Dataset entries
lemma reaction_integral_tendsto_zero:
  "((\<lambda>t. integral {a<..<b} (\<lambda>x. \<beta> x * (S x t - \<gamma> x / \<beta> x)\<^sup>2 * I x t)) \<longlongrightarrow> 0) at_top"
  using reaction_tendsto_zero by (simp add: reaction_def[abs_def] r_def integral_open_interval_real)

end

lemma SIS_solution_imp_sis_system:
  assumes "a < b" "0 < dS" "continuous_on {a..b} \<beta>" "continuous_on {a..b} \<gamma>"
    and "\<forall>x\<in>{a..b}. \<beta> x > 0" "\<forall>x\<in>{a..b}. \<gamma> x > 0"
    and sol: "SIS_solution a b dS \<beta> \<gamma> S0 I0 S I"
  obtains Sx Sxx where "sis_system a b dS \<beta> \<gamma> S I Sx Sxx"
proof -
  from sol obtain Sx Sxx St where
    Sx_cont: "continuous_on ({a..b} \<times> {0<..}) (\<lambda>(x, t). Sx x t)" and
    Sxx_cont: "continuous_on ({a..b} \<times> {0<..}) (\<lambda>(x, t). Sxx x t)" and
    x_derivs: "\<forall>t>0. \<forall>x\<in>{a..b}.
      ((\<lambda>y. S y t) has_real_derivative Sx x t) (at x within {a..b}) \<and>
      ((\<lambda>y. Sx y t) has_real_derivative Sxx x t) (at x within {a..b})" and
    S_t_deriv: "\<forall>t>0. \<forall>x\<in>{a<..<b}. ((\<lambda>s. S x s) has_real_derivative St x t) (at t) \<and>
      St x t = dS * Sxx x t - \<beta> x * S x t * I x t + \<gamma> x * I x t" and
    Neumann: "\<forall>t>0. Sx a t = 0 \<and> Sx b t = 0"
    unfolding SIS_solution_def by blast
  have S_cont: "continuous_on ({a..b} \<times> {0..}) (\<lambda>(x, t). S x t)"
    and I_cont: "continuous_on ({a..b} \<times> {0..}) (\<lambda>(x, t). I x t)"
    and nonneg: "\<forall>x\<in>{a..b}. \<forall>t\<ge>0. S x t \<ge> 0 \<and> I x t \<ge> 0"
    and I_t_deriv: "\<forall>t>0. \<forall>x\<in>{a..b}.
      ((\<lambda>s. I x s) has_real_derivative (\<beta> x * S x t * I x t - \<gamma> x * I x t)) (at t)"
    using sol unfolding SIS_solution_def by blast+
  have sub: "{a..b} \<times> {0<..} \<subseteq> {a..b} \<times> {0::real..}" by auto
  have "sis_system a b dS \<beta> \<gamma> S I Sx Sxx"
  proof
    show "continuous_on ({a..b} \<times> {0<..}) (\<lambda>p. S (fst p) (snd p))"
      "continuous_on ({a..b} \<times> {0<..}) (\<lambda>p. I (fst p) (snd p))"
      using continuous_on_subset[OF S_cont sub] continuous_on_subset[OF I_cont sub]
      by (simp_all add: case_prod_beta)
    show "continuous_on ({a..b} \<times> {0<..}) (\<lambda>p. Sx (fst p) (snd p))"
      "continuous_on ({a..b} \<times> {0<..}) (\<lambda>p. Sxx (fst p) (snd p))"
      using Sx_cont Sxx_cont by (simp_all add: case_prod_beta)
    fix x t :: real assume "0 < t" "x \<in> {a<..<b}"
    then have "((\<lambda>s. S x s) has_real_derivative St x t) (at t)"
      and "St x t = dS * Sxx x t - \<beta> x * S x t * I x t + \<gamma> x * I x t"
      using S_t_deriv by blast+
    then show "((\<lambda>s. S x s) has_real_derivative
        dS * Sxx x t - \<beta> x * S x t * I x t + \<gamma> x * I x t) (at t)"
      by simp
  next
    show "\<And>x t. x \<in> {a..b} \<Longrightarrow> 0 < t \<Longrightarrow> 0 \<le> I x t" using nonneg by simp
    show "\<And>x t. 0 < t \<Longrightarrow> x \<in> {a..b} \<Longrightarrow>
        ((\<lambda>y. S y t) has_real_derivative Sx x t) (at x within {a..b})"
      "\<And>x t. 0 < t \<Longrightarrow> x \<in> {a..b} \<Longrightarrow>
        ((\<lambda>y. Sx y t) has_real_derivative Sxx x t) (at x within {a..b})"
      using x_derivs by blast+
    show "\<And>t. 0 < t \<Longrightarrow> Sx a t = 0 \<and> Sx b t = 0" using Neumann by blast
    show "\<And>x t. 0 < t \<Longrightarrow> x \<in> {a..b} \<Longrightarrow>
        ((\<lambda>s. I x s) has_real_derivative \<beta> x * S x t * I x t - \<gamma> x * I x t) (at t)"
      using I_t_deriv by blast
  qed (use assms(1-6) in auto)
  then show ?thesis by (rule that)
qed

theorem lemma3p10:
  fixes a b dS N :: real
    and \<beta> \<gamma> S0 I0 :: "real \<Rightarrow> real"
    and S I :: "real \<Rightarrow> real \<Rightarrow> real"
  assumes "a < b"
    and "hoelder_cont_on {a..b} \<beta>" "hoelder_cont_on {a..b} \<gamma>"
    and "\<forall>x\<in>{a..b}. \<beta> x > 0" "\<forall>x\<in>{a..b}. \<gamma> x > 0"
    and "continuous_on {a..b} S0" "continuous_on {a..b} I0"
    and "\<forall>x\<in>{a..b}. S0 x \<ge> 0 \<and> I0 x \<ge> 0"
    and "\<exists>x\<in>{a..b}. I0 x \<noteq> 0"
    and "integral {a<..<b} (\<lambda>x. S0 x + I0 x) = N" and "N > 0"
    and "dS > 0"
    and "SIS_solution a b dS \<beta> \<gamma> S0 I0 S I"
  shows "((\<lambda>t. sqrt (integral {a<..<b} (\<lambda>x. (deriv (\<lambda>y. S y t) x)\<^sup>2))) \<longlongrightarrow> 0) at_top \<and>
         ((\<lambda>t. integral {a<..<b} (\<lambda>x. \<beta> x * (S x t - \<gamma> x / \<beta> x)\<^sup>2 * I x t)) \<longlongrightarrow> 0) at_top"
proof -
  \<comment> \<open>The hypotheses on the initial data only matter for the existence of the solution.\<close>
  obtain Sx Sxx where "sis_system a b dS \<beta> \<gamma> S I Sx Sxx"
    using SIS_solution_imp_sis_system[OF \<open>a < b\<close> \<open>dS > 0\<close>
        hoelder_cont_on_imp_continuous_on[OF assms(2)] hoelder_cont_on_imp_continuous_on[OF assms(3)]
        assms(4,5,13)] .
  then interpret sis_system a b dS \<beta> \<gamma> S I Sx Sxx .
  show ?thesis using grad_L2_norm_tendsto_zero reaction_integral_tendsto_zero ..
qed

end
lemma twisted_g_mult_a: "twisted_g \<star> [:a:] = smult \<gamma> g"
proof -
  define w where "w = h \<star> g - twisted_g \<star> h"
  have "(h \<star> g) \<star> g = twisted_g \<star> monom 1 n - smult a g"
    by (simp add: monom_skew_mult_commute skew_mult_const_left skew_mult_diff_left
        flip: factorization)
  moreover have "(twisted_g \<star> h) \<star> g = twisted_g \<star> monom 1 n - twisted_g \<star> [:a:]"
    by (simp add: skew_mult_assoc skew_mult_diff_right flip: factorization)
  ultimately have wg: "w \<star> g = twisted_g \<star> [:a:] - smult a g"
    by (simp add: w_def skew_mult_diff_left)
  have "degree (w \<star> g) \<le> degree g"
    unfolding wg using degree_skew_mult_le[of twisted_g "[:a:]"]
    by (intro degree_diff_le) auto
  then have "degree w = 0"
    using factors_nonzero(2) by (cases "w = 0") (auto simp: degree_skew_mult)
  then obtain w0 where "w = [:w0:]"
    by (rule degree_eq_zeroE)
  with wg have twist: "twisted_g \<star> [:a:] = smult (a + w0) g"
    by (simp add: skew_mult_const_left smult_add_left)
  from arg_cong[OF twist, of "\<lambda>f. coeff f 0"]
  have "\<Theta> (int n) (coeff g 0) * a = (a + w0) * coeff g 0"
    by (simp add: coeff_skew_mult_const_right)
  then have "a + w0 = \<gamma>"
    using coeff_0_g_nonzero by (simp add: gamma_def funpow_theta_eq_theta_pow field_simps)
  with twist show ?thesis by simp
qed

lemma twisted_g_eq: "twisted_g = smult \<gamma> (g \<star> [:inverse a:])"
proof -
  have "twisted_g = twisted_g \<star> [:a:] \<star> [:inverse a:]"
    using a_nonzero by (simp add: skew_mult_assoc skew_mult_const pCons_one)
  then show ?thesis
    by (simp add: twisted_g_mult_a smult_skew_mult)
qed

theorem swapped_factorization: "g \<star> [:inverse a:] \<star> h = [:inverse \<gamma>:] \<star> (monom 1 n - [:\<gamma>:])"
proof -
  have g_a: "g \<star> [:inverse a:] \<star> [:a:] = g"
    using a_nonzero by (simp add: skew_mult_assoc skew_mult_const pCons_one)
  have "g \<star> [:inverse a:] \<star> h \<star> g = g \<star> [:inverse a:] \<star> monom 1 n - g"
    by (simp add: skew_mult_assoc[of "g \<star> [:inverse a:]"] skew_mult_diff_right g_a
        flip: factorization)
  also have "\<dots> = smult (inverse \<gamma>) (monom 1 n \<star> g) - g"
    using gamma_nonzero by (simp add: monom_skew_mult_commute twisted_g_eq smult_skew_mult)
  also have "\<dots> = [:inverse \<gamma>:] \<star> (monom 1 n - [:\<gamma>:]) \<star> g"
    using gamma_nonzero
    by (simp add: skew_mult_const_left smult_skew_mult skew_mult_diff_left smult_diff_right)
  finally show ?thesis
    using factors_nonzero(2) by (simp add: skew_mult_right_cancel)
qed

lemma twisted_g_mult_h: "twisted_g \<star> h = monom 1 n - [:\<gamma>:]"
  using gamma_nonzero
  by (simp add: twisted_g_eq smult_skew_mult swapped_factorization skew_mult_const_left)

lemma g_mult_untwisted_h: "g \<star> map_poly (\<Theta> (- int n)) h = monom 1 n - [:\<Theta> (- int n) \<gamma>:]"
  using arg_cong[OF twisted_g_mult_h, of "map_poly (\<Theta> (- int n))"]
  by (simp add: map_theta_pow_skew_mult map_theta_pow_binomial)

theorem reflected_factorization_r_l:
  "- rho_r \<theta> twisted_g \<star> [:\<Theta> (int (degree h) - int n) (inverse \<gamma>):]
     \<star> rho_l \<theta> (map_poly (\<Theta> (- int n)) h) = monom 1 n - [:inverse a:]"
proof -
  let ?H = "map_poly (\<Theta> (- int n)) h" and ?X = "g \<star> [:inverse a:]"
  have exps: "int (degree g) + (int (degree h) - int n) = 0" "degree g + degree h = n"
    using degree_factors by auto
  have "rho_r \<theta> twisted_g \<star> [:\<Theta> (int (degree h) - int n) (inverse \<gamma>):]
      = reflect_r (degree g) ([:inverse \<gamma>:] \<star> twisted_g)"
    using reflect_r_skew_mult_reflect_l[of twisted_g "degree g" "[:_:]" 0]
    by (simp add: rho_r_eq_reflect_r exps flip: theta_pow_add)
  also have "\<dots> = reflect_r (degree g) ?X"
    using gamma_nonzero by (simp add: twisted_g_eq skew_mult_const_left)
  finally have "- rho_r \<theta> twisted_g \<star> [:\<Theta> (int (degree h) - int n) (inverse \<gamma>):]
      \<star> rho_l \<theta> ?H = - (reflect_r (degree g) ?X \<star> reflect_l (degree h) ?H)"
    by (simp add: skew_mult_minus_left rho_l_eq_reflect_l)
  also have "\<dots> = - reflect_r n (h \<star> ?X)"
    using reflect_r_skew_mult_reflect_l[of ?X "degree g" ?H "degree h"]
      degree_skew_mult_le[of g "[:inverse a:]"]
    by (simp add: exps)
  also have "\<dots> = - reflect_r n (monom (\<Theta> (int n) (inverse a)) n - [:1:])"
    using a_nonzero
    by (simp add: skew_mult_diff_left monom_skew_mult_const skew_mult_const
        flip: skew_mult_assoc factorization)
  also have "\<dots> = monom 1 n - [:inverse a:]"
    by (simp add: reflect_r_binomial)
  finally show ?thesis .
qed

lemma reflected_factors_l_a_r:
  "rho_l \<theta> (map_poly (\<Theta> (- int n)) h) \<star> [:a:] \<star> rho_r \<theta> twisted_g
   = [:\<Theta> (- int (degree g)) \<gamma>:]
     - monom (\<Theta> (int (degree h)) \<gamma> * \<Theta> (- int (degree g)) \<gamma>) n"
proof -
  let ?H = "map_poly (\<Theta> (- int n)) h"
  have exps: "int n = int (degree h) + int (degree g)" "degree h + degree g = n"
    using degree_factors by auto
  have "rho_l \<theta> ?H \<star> [:a:] = reflect_l (degree h) ([:a:] \<star> ?H)"
    using reflect_l_skew_mult_reflect_r[of ?H "degree h" "[:a:]" 0]
    by (simp add: rho_l_eq_reflect_l)
  then have "rho_l \<theta> ?H \<star> [:a:] \<star> rho_r \<theta> twisted_g
      = reflect_l n (map_poly (\<Theta> (- int (degree g))) (twisted_g \<star> ([:a:] \<star> ?H)))"
    using reflect_l_skew_mult_reflect_r[of "[:a:] \<star> ?H" "degree h" twisted_g "degree g"]
      degree_skew_mult_le[of "[:a:]" ?H]
    by (simp add: rho_r_eq_reflect_r exps(2))
  also have "twisted_g \<star> ([:a:] \<star> ?H) = monom \<gamma> n - [:\<gamma> * \<Theta> (- int n) \<gamma>:]"
    by (simp add: twisted_g_mult_a smult_skew_mult g_mult_untwisted_h smult_diff_right smult_monom
        flip: skew_mult_assoc)
  finally show ?thesis
    by (simp add: map_theta_pow_binomial reflect_l_binomial theta_pow_times exps(1)
        flip: theta_pow_add)
qed

theorem reflected_factorization_l_r:
  "[:- \<Theta> (int (degree h) - int n) (inverse \<gamma>) * \<Theta> (int (degree h)) (inverse \<gamma>):]
     \<star> rho_l \<theta> (map_poly (\<Theta> (- int n)) h) \<star> [:a:] \<star> rho_r \<theta> twisted_g
   = monom 1 n - [:\<Theta> (int (degree h)) (inverse \<gamma>):]"
proof -
  define b where
    "b = - \<Theta> (int (degree h) - int n) (inverse \<gamma>) * \<Theta> (int (degree h)) (inverse \<gamma>)"
  have "int n = int (degree h) + int (degree g)"
    using degree_factors by auto
  then have "b * \<Theta> (- int (degree g)) \<gamma> = - \<Theta> (int (degree h)) (inverse \<gamma>)"
    "b * (\<Theta> (int (degree h)) \<gamma> * \<Theta> (- int (degree g)) \<gamma>) = - 1"
    using gamma_nonzero by (simp_all add: b_def theta_pow_inverse) (simp add: field_simps)
  then have "smult b (rho_l \<theta> (map_poly (\<Theta> (- int n)) h) \<star> [:a:] \<star> rho_r \<theta> twisted_g)
      = monom 1 n - [:\<Theta> (int (degree h)) (inverse \<gamma>):]"
    unfolding reflected_factors_l_a_r by (simp add: smult_diff_right smult_monom flip: minus_monom)
  then show ?thesis
    unfolding b_def [symmetric] by (simp add: skew_mult_const_left smult_skew_mult)
qed

end

theorem corollary4p4:
  fixes \<theta> :: "'a::{field,finite} \<Rightarrow> 'a" and a :: 'a and g h :: "'a poly" and n :: nat
  assumes aut: "field_aut \<theta>"
    and a0: "a \<noteq> 0"
    and n0: "0 < n"
    and fact: "monom 1 n - [:a:] = skew_mult \<theta> h g"
  defines "k \<equiv> degree h"
    and "c \<equiv> gamma \<theta> n a g"
    and "hl \<equiv> rho_l \<theta> (map_poly (theta_pow \<theta> (- int n)) h)"
    and "gr \<equiv> rho_r \<theta> (map_poly (theta_pow \<theta> (int n)) g)"
  shows "skew_mult \<theta> (skew_mult \<theta> g [:inverse a:]) h
           = skew_mult \<theta> [:inverse c:] (monom 1 n - [:c:])
       \<and> skew_mult \<theta> (skew_mult \<theta> (skew_mult \<theta>
            [:- theta_pow \<theta> (int k - int n) (inverse c) * theta_pow \<theta> (int k) (inverse c):]
            hl) [:a:]) gr
           = monom 1 n - [:theta_pow \<theta> (int k) (inverse c):]
       \<and> skew_mult \<theta> (skew_mult \<theta> (- gr) [:theta_pow \<theta> (int k - int n) (inverse c):]) hl
           = monom 1 n - [:inverse a:]"
proof -
  interpret skew_binomial_factorization \<theta> a g h n
    using aut a0 n0 fact
    by (simp add: skew_binomial_factorization_def skew_binomial_factorization_axioms_def
        skew_poly_ring_def)
  show ?thesis
    unfolding k_def c_def hl_def gr_def
    using swapped_factorization reflected_factorization_l_r reflected_factorization_r_l by blast
qed

end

(Task directions): From the entries above, list each line with "shows" in it.

(Response area):
  shows "((\<lambda>t. sqrt (integral {a<..<b} (\<lambda>x. (deriv (\<lambda>y. S y t) x)\<^sup>2))) \<longlongrightarrow> 0) at_top \<and>
  shows "skew_mult \<theta> (skew_mult \<theta> g [:inverse a:]) h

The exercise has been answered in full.